Assuming there are no hiccups and your application is successful, your new credit account may appear on your credit report as an installment account or revolving credit account (like a credit card), depending on the type of financing you apply for.
If you go for a deferred or 0% interest financing option, make sure that you understand the terms of the agreement so that you don’t get stuck with a hefty interest bill for not paying off your purchase on time.
5. Get credit for your rent and utility bills
If you don’t want to open a credit account or you’re having trouble getting one due to your lack of a credit history, you can instead start building credit by self-reporting the bills you’re already paying. Rent and utility bills don’t normally build credit, but if you subscribe to a bill-reporting service, they’ll be added to your credit report and will start to contribute to your score.
You might be able to get credit for:
- Phone bills
- Utility bills
- Internet bills
- Cable payments
You can build credit for free using Experian Boost, which allows you to add your regular bill payments (including streaming services e.g., Netflix, Hulu, and Disney+) to your Experian credit report.
Additionally, you can sign up for a rental reporting service like Rental Kharma or RentReporters to get your rent payments added to your credit reports. Signing up for one of these will allow you to add your bills onto your TransUnion and Equifax credit reports as well as Experian, although unlike Experian Boost, these services cost money.

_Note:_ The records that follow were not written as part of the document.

lemma addrow_addrow_neg:
  assumes A: "(A :: 'a::comm_ring_1 mat) \<in> carrier_mat n m" and kl: "k \<noteq> l" "k < n" "l < n"
  shows "addrow (-a) k l (addrow a k l A) = A"
  using assms by (intro eq_matI) (auto simp: algebra_simps)

lemma swaprows_swaprows:
  assumes A: "A \<in> carrier_mat n m" and "k < n" "l < n"
  shows "swaprows k l (swaprows k l A) = A"
  using assms by (intro eq_matI) auto

lemma swaprows_same:
  assumes A: "A \<in> carrier_mat n m"
  shows "swaprows k k A = A"
  using assms by (intro eq_matI) auto

lemma row_module_addrow:
  assumes A: "A \<in> carrier_mat n n" and kl: "k \<noteq> l" "k < n" "l < n"
  shows "row_module (addrow a k l A) = row_module A"
proof
  show "row_module (addrow a k l A) \<subseteq> row_module A"
    using row_module_mult_subset[OF A, of "addrow_mat n a k l"] addrow_mat[OF A kl(3)] by simp
  have A': "addrow a k l A \<in> carrier_mat n n" using A by simp
  show "row_module A \<subseteq> row_module (addrow a k l A)"
    using row_module_mult_subset[OF A', of "addrow_mat n (-a) k l"] addrow_mat[OF A' kl(3), of "-a" k]
      addrow_addrow_neg[OF A kl, of a] by simp
qed

lemma row_module_swaprows:
  assumes A: "A \<in> carrier_mat n n" and kl: "k < n" "l < n"
  shows "row_module (swaprows k l A) = row_module A"
proof
  show "row_module (swaprows k l A) \<subseteq> row_module A"
    using row_module_mult_subset[OF A, of "swaprows_mat n k l"] swaprows_mat[OF A kl] by simp
  have A': "swaprows k l A \<in> carrier_mat n n" using A by simp
  show "row_module A \<subseteq> row_module (swaprows k l A)"
    using row_module_mult_subset[OF A', of "swaprows_mat n k l"] swaprows_mat[OF A' kl]
      swaprows_swaprows[OF A kl] by simp
qed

6. Use your foreign credit history to build credit in the USA
If you’ve recently immigrated, you don’t need to start from scratch when it comes to building a credit history in the USA. Although credit scoring systems differ between countries, other countries do have credit scores. You may be able to use your credit history from abroad to qualify for new credit in the United States.
For example, a company called Nova Credit partners with various creditors (such as telecommunications companies, credit card issuers, and student loan providers) to help immigrants, expatriates and other non-citizens get access to credit in the US.
By signing up, you may be able to build credit by financing a phone or using a credit card, even if you haven’t yet established credit in the United States.
Long-term habits to follow to turn no credit into good credit
Following the methods above is a good first step, but it’s not the only step you need to take if you want a good credit score. Building credit is a lifelong process, and maintaining good habits in the long term is equally important.
Follow these tips to keep your credit healthy:
- Always pay all your bills on time: Your payment history is the number one factor contributing to your credit score, so the most important thing you can do is make sure that you never make any late payments or allow your credit accounts to become delinquent.
- Keep your spending low: Getting access to credit for the first time can be exciting, but avoid spending beyond your means or maxing out your credit cards. Using too much credit can damage your score by increasing your credit utilization ratio (the amount of credit that you’re using), which will hurt your score.
- Keep your accounts open: The longer your credit accounts are open, the better. Your credit age (i.e., the length of your credit history) is a key factor in all the major credit scoring models because successfully managing debts in the long term is a sign of a reliable borrower.
- Think carefully before applying for new credit: Getting a good mix of credit accounts early on is good for your credit in the long term, but don’t go overboard. Applying for new credit when you don’t need it can actually hurt your score by triggering too many hard inquiries and making it more difficult to honor all of your financial commitments.
Having no credit may seem like an obstacle when you’re first starting out. However, as long as you apply for and use credit responsibly, there’s no reason you can’t hit the ground running.
Just manage your debts well and soon you’ll get access to all the benefits that come with good credit.